I have a hell of alot of Frequent flyer points myself - over 100,000 - I can't bloody use them, they always lock off holiday periods and certain flights, it infuriates me.  Then you can't do package deals that include car hire or accomodation.  I really think Frequent Flyer points are overratted.


----------



## Prospector (25 July 2006)

*Re: Share holder benefits*

Have to agree with you there Realist!  We actually managed to book four flights through Ansett at Christmas time a few years ago - 11 months in advance.  You guessed it - Ansett went bust three months before we were due to travel!

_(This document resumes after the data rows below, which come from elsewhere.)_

(* Let $k>t+1$, $n>2k-t$, and let $\mathcal{S}_a$ be a maximal set of $k$-spaces in $\mathrm{AG}(n,q)$ pairwise intersecting in at least a $t$-space. Let $\psi(\mathcal{S}_a)=\min\{\dim T: T\text{ an affine subspace},\ \dim(T\cap\alpha)\geq t\ \forall\alpha\in\mathcal{S}_a\}$. If $\psi(\mathcal{S}_a)=t+x$ with $x\geq 2$, then \[|\mathcal{S}_a|\leq q^x\left[{t+x\atop x}\right]_q(\theta_{k-t})^x\left[{n-t-x\atop k-t-x}\right]_q.\]
   Context: Affine subspaces intersect in at least a $t$-space if their affine intersection has dimension at least $t$. $\left[{n\atop k}\right]_q=\frac{(q^n-1)\cdots(q^{n-k+1}-1)}{(q^k-1)\cdots(q-1)}$ for $k>0$, $=1$ for $k=0$; $\theta_m=\frac{q^{m+1}-1}{q-1}$. Maximal means no further affine $k$-space can be added keeping the property. *)

theory Defs
  imports "HOL-Analysis.Analysis"
begin

text \<open>Points of AG(n,q) are vectors in F^'n with F a finite field, q = CARD(F), n = CARD('n).\<close>

definition affine_subspace :: "('a::field ^ 'n) set \<Rightarrow> bool" where
  "affine_subspace S \<longleftrightarrow> (\<exists>p W. vec.subspace W \<and> S = (\<lambda>w. p + w) ` W)"

definition adim :: "('a::field ^ 'n) set \<Rightarrow> nat" where
  "adim S = vec.dim {x - y | x y. x \<in> S \<and> y \<in> S}"

definition kspace :: "nat \<Rightarrow> ('a::field ^ 'n) set \<Rightarrow> bool" where
  "kspace k S \<longleftrightarrow> affine_subspace S \<and> adim S = k"

text \<open>Two affine subspaces intersect in at least a t-space (empty intersection has dimension -1).\<close>
definition meets_t :: "nat \<Rightarrow> ('a::field ^ 'n) set \<Rightarrow> ('a ^ 'n) set \<Rightarrow> bool" where
  "meets_t t A B \<longleftrightarrow> A \<inter> B \<noteq> {} \<and> adim (A \<inter> B) \<ge> t"

definition max_t_intersecting :: "nat \<Rightarrow> nat \<Rightarrow> ('a::field ^ 'n) set set \<Rightarrow> bool" where
  "max_t_intersecting k t SS \<longleftrightarrow>
     (\<forall>A\<in>SS. kspace k A) \<and> (\<forall>A\<in>SS. \<forall>B\<in>SS. meets_t t A B) \<and>
     (\<forall>B. kspace k B \<and> B \<notin> SS \<longrightarrow> \<not> (\<forall>A\<in>SS. meets_t t A B))"

definition psi :: "nat \<Rightarrow> ('a::field ^ 'n) set set \<Rightarrow> nat" where
  "psi t SS = (LEAST d. \<exists>T. affine_subspace T \<and> adim T = d \<and> (\<forall>A\<in>SS. meets_t t T A))"

definition qbinom :: "nat \<Rightarrow> nat \<Rightarrow> nat \<Rightarrow> real" where
  "qbinom q n k = (if k = 0 then 1 else
     (\<Prod>i<k. (real q ^ (n - i) - 1)) / (\<Prod>i<k. (real q ^ (i + 1) - 1)))"

definition theta :: "nat \<Rightarrow> nat \<Rightarrow> real" where
  "theta q m = (real q ^ (m + 1) - 1) / (real q - 1)"

end

theory Submission
  imports Defs
begin

text \<open>
  Let \<open>T\<close> be an affine \<open>(t + x)\<close>-space meeting every member of the family in at least a
  \<open>t\<close>-space, as provided by the definition of \<open>\<psi>\<close>. Every member then contains one of the at most
  \<open>q\<^sup>x [t+x, x]\<^sub>q\<close> affine \<open>t\<close>-spaces of \<open>T\<close>. Through an affine space \<open>\<tau>\<close> of dimension
  \<open>t + x - j\<close> pass at most \<open>\<theta>\<^bsub>k-t\<^esub>\<^sup>j [n-t-x, k-t-x]\<^sub>q\<close> members. For \<open>j = 0\<close> this counts
  \<open>k\<close>-spaces through a \<open>(t + x)\<close>-space. For \<open>j > 0\<close>, minimality of \<open>\<psi>\<close> gives a member \<open>B\<close>
  meeting \<open>\<tau>\<close> in less than a \<open>t\<close>-space; every member through \<open>\<tau>\<close> meets \<open>B\<close> in a \<open>t\<close>-space
  and therefore contains one of at most \<open>\<theta>\<^bsub>k-t\<^esub>\<close> spaces of dimension one more through \<open>\<tau>\<close>,
  all inside the span of \<open>\<tau>\<close> and \<open>B\<close>.
\<close>

section \<open>Counting\<close>

lemma double_counting_le:
  fixes R :: "'a \<Rightarrow> 'b \<Rightarrow> bool"
  assumes "finite A" "finite B"
    and "\<And>a. a \<in> A \<Longrightarrow> real (card {b\<in>B. R a b}) = c"
    and "\<And>b. b \<in> B \<Longrightarrow> real (card {a\<in>A. R a b}) \<le> d"
  shows "real (card A) * c \<le> real (card B) * d"
proof -
  have card_eq_sum: "real (card {x\<in>X. P x}) = (\<Sum>x\<in>X. if P x then 1 else 0)" if "finite X" for X P
    using that by (simp add: sum.If_cases Int_def conj_commute)
  have "real (card A) * c = (\<Sum>a\<in>A. \<Sum>b\<in>B. if R a b then 1 else 0)"
    using assms(1-3) by (simp add: card_eq_sum)
  also have "\<dots> = (\<Sum>b\<in>B. \<Sum>a\<in>A. if R a b then 1 else 0)"
    by (rule sum.swap)
  also have "\<dots> \<le> real (card B) * d"
    using sum_mono[of B _ "\<lambda>_. d"] assms(1,2,4) by (simp add: card_eq_sum)
  finally show ?thesis .
qed

lemma card_le_of_cover:
  assumes "finite I" "\<And>i. i \<in> I \<Longrightarrow> finite (F i)" "S \<subseteq> (\<Union>i\<in>I. F i)"
    and "\<And>i. i \<in> I \<Longrightarrow> real (card (F i)) \<le> c"
  shows "real (card S) \<le> real (card I) * c"
proof -
  have "card S \<le> card (\<Union>i\<in>I. F i)"
    using assms(1-3) by (intro card_mono) auto
  also have "\<dots> \<le> (\<Sum>i\<in>I. card (F i))"
    using assms(1) by (rule card_UN_le)
  finally have "real (card S) \<le> (\<Sum>i\<in>I. real (card (F i)))"
    by (metis of_nat_le_iff of_nat_sum)
  also have "\<dots> \<le> real (card I) * c"
    using sum_mono[of I _ "\<lambda>_. c"] assms(4) by simp
  finally show ?thesis .
qed

section \<open>Gaussian binomial coefficients\<close>

lemma qbinom_Suc_Suc:
  "qbinom q (Suc a) (Suc b) = (real q ^ Suc a - 1) / (real q ^ Suc b - 1) * qbinom q a b"
proof -
  have "(\<Prod>i<Suc b. real q ^ (Suc a - i) - 1) = (real q ^ Suc a - 1) * (\<Prod>i<b. real q ^ (a - i) - 1)"
    by (subst prod.lessThan_Suc_shift) simp
  then show ?thesis
    by (cases "b = 0") (simp_all add: qbinom_def)
qed

lemma qbinom_nonneg:
  assumes "1 \<le> q"
  shows "0 \<le> qbinom q a b"
proof -
  have "1 \<le> real q ^ e" and "1 \<le> real q * real q ^ e" for e
    using assms one_le_power[of "real q" "Suc e"] by simp_all
  then show ?thesis
    unfolding qbinom_def by (auto intro!: divide_nonneg_nonneg prod_nonneg)
qed

lemma one_less_real_power: "2 \<le> q \<Longrightarrow> 1 < real q ^ Suc m"
  by (intro one_less_power) auto

lemma theta_pos: "2 \<le> q \<Longrightarrow> 0 < theta q m"
  unfolding theta_def using one_less_real_power[of q m] by simp

lemma theta_mono: "2 \<le> q \<Longrightarrow> a \<le> b \<Longrightarrow> theta q a \<le> theta q b"
  unfolding theta_def by (intro divide_right_mono diff_right_mono power_increasing) auto

lemma qbinom_Suc_Suc_theta:
  "2 \<le> q \<Longrightarrow> qbinom q (Suc a) (Suc b) = theta q a / theta q b * qbinom q a b"
  unfolding qbinom_Suc_Suc theta_def by simp

text \<open>\<open>qfact q m\<close> is \<open>(q - 1)\<^sup>m\<close> times the q-factorial \<open>[m]\<^sub>q!\<close>; the powers of \<open>q - 1\<close>
  cancel in the quotient below.\<close>

definition qfact :: "nat \<Rightarrow> nat \<Rightarrow> real" where
  "qfact q m = (\<Prod>i<m. real q ^ (i + 1) - 1)"

lemma qfact_pos: "2 \<le> q \<Longrightarrow> 0 < qfact q m"
  unfolding qfact_def using one_less_real_power by (intro prod_pos) simp

lemma qbinom_eq_qfact:
  assumes "2 \<le> q"
  shows "qbinom q (a + b) b = qfact q (a + b) / (qfact q b * qfact q a)"
proof (induction b)
  case 0
  have "qfact q 0 = 1" by (simp add: qfact_def)
  then show ?case using qfact_pos[OF assms, of a] by (simp add: qbinom_def)
next
  case (Suc b)
  have nonzero: "real q ^ Suc b - 1 \<noteq> 0" "qfact q b \<noteq> 0" "qfact q a \<noteq> 0"
    using one_less_real_power[OF assms] qfact_pos[OF assms] by (simp_all add: less_imp_neq[symmetric])
  have "qbinom q (a + Suc b) (Suc b)
      = (real q ^ Suc (a + b) - 1) / (real q ^ Suc b - 1) * qbinom q (a + b) b"
    using qbinom_Suc_Suc[of q "a + b" b] by simp
  also have "\<dots> = (real q ^ Suc (a + b) - 1) / (real q ^ Suc b - 1) * (qfact q (a + b) / (qfact q b * qfact q a))"
    using Suc by simp
  also have "\<dots> = qfact q (Suc (a + b)) / (qfact q (Suc b) * qfact q a)"
    using nonzero by (simp add: qfact_def field_simps)
  finally show ?case by simp
qed

lemma qbinom_symmetric: "2 \<le> q \<Longrightarrow> qbinom q (a + b) b = qbinom q (a + b) a"
  using qbinom_eq_qfact[of q a b] qbinom_eq_qfact[of q b a] by (simp add: ac_simps)

section \<open>Subspaces of a finite vector space\<close>

lemma two_le_card_field: "2 \<le> CARD('a::{finite,field})"
proof -
  have "card {0::'a, 1} \<le> CARD('a)" by (rule card_mono) auto
  then show ?thesis by simp
qed

lemma card_span_insert:
  fixes B :: "('a::{finite,field} ^ 'n) set"
  assumes v: "v \<notin> vec.span B"
  shows "card (vec.span (insert v B)) = CARD('a) * card (vec.span B)"
proof -
  let ?f = "\<lambda>(c, y). c *s v + y"
  have "vec.span (insert v B) = ?f ` (UNIV \<times> vec.span B)"
  proof (rule set_eqI)
    fix z
    have "z \<in> vec.span (insert v B) \<longleftrightarrow> (\<exists>c. z - c *s v \<in> vec.span B)"
      by (rule vec.span_breakdown_eq)
    also have "\<dots> \<longleftrightarrow> z \<in> ?f ` (UNIV \<times> vec.span B)"
    proof
      assume "\<exists>c. z - c *s v \<in> vec.span B"
      then obtain c where "z - c *s v \<in> vec.span B" ..
      then show "z \<in> ?f ` (UNIV \<times> vec.span B)"
        by (intro image_eqI[where x = "(c, z - c *s v)"]) auto
    next
      assume "z \<in> ?f ` (UNIV \<times> vec.span B)"
      then obtain c y where "z = c *s v + y" "y \<in> vec.span B" by auto
      then show "\<exists>c. z - c *s v \<in> vec.span B" by (metis add_diff_cancel_left')
    qed
    finally show "z \<in> vec.span (insert v B) \<longleftrightarrow> z \<in> ?f ` (UNIV \<times> vec.span B)" .
  qed
  moreover have "inj_on ?f (UNIV \<times> vec.span B)"
  proof (rule inj_onI, clarsimp)
    fix c d y z
    assume y: "y \<in> vec.span B" and z: "z \<in> vec.span B" and eq: "c *s v + y = d *s v + z"
    have "(c - d) *s v = z - y"
      using eq by (simp add: vec.scale_left_diff_distrib algebra_simps)
    then have "(c - d) *s v \<in> vec.span B"
      using y z by (simp add: vec.span_diff)
    then have "c = d"
      using v vec.span_scale[of "(c - d) *s v" B "inverse (c - d)"]
      by (metis right_minus_eq vec.scale_scale left_inverse vec.scale_one)
    then show "c = d \<and> y = z" using eq by simp
  qed
  ultimately show ?thesis
    by (simp add: card_image card_cartesian_product)
qed

lemma card_span_independent:
  fixes B :: "('a::{finite,field} ^ 'n) set"
  assumes "finite B" and "vec.independent B"
  shows "card (vec.span B) = CARD('a) ^ card B"
  using assms
proof (induction B rule: finite_induct)
  case empty
  then show ?case by simp
next
  case (insert v B)
  then have "vec.independent B" and "v \<notin> vec.span B"
    by (auto simp: vec.independent_insert)
  then show ?case
    using insert card_span_insert[OF \<open>v \<notin> vec.span B\<close>] by simp
qed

With Qantas now, and partner has amassed 200K+ points - could fly ANYWHERE in the world Business class but the flights are never available when it comes time to book    And then, if you do get a 'free flight' to say Melbourne, even with FF you still have to pay the taxes - which sometimes add up to as much as a cheapie ticket!

I see they also have redemption for goods - but you still have to pay something for them!  Waste of time...


----------



## Buster (25 July 2006)

*Re: Share holder benefits*



			
				blinkau said:
			
		

> I know companies offer share holder benefits such as discounts on their products, but where do you find the information?
> 
> Does the asx list what benefits you receive if you own a certain amount of shares? I tried searching the coles myer site as an example but had no luck. Any help would be great as I cant seem to find a thing



Investorweb used to list all companies that offered shareholder benefits and the benefit alphabetically. There were many many companies on that list. 

I've not used I/Web for some time now and cannot for the life of me remember my login details which precludes me from confirming if they still maintain the list.

Regards,

Buster


----------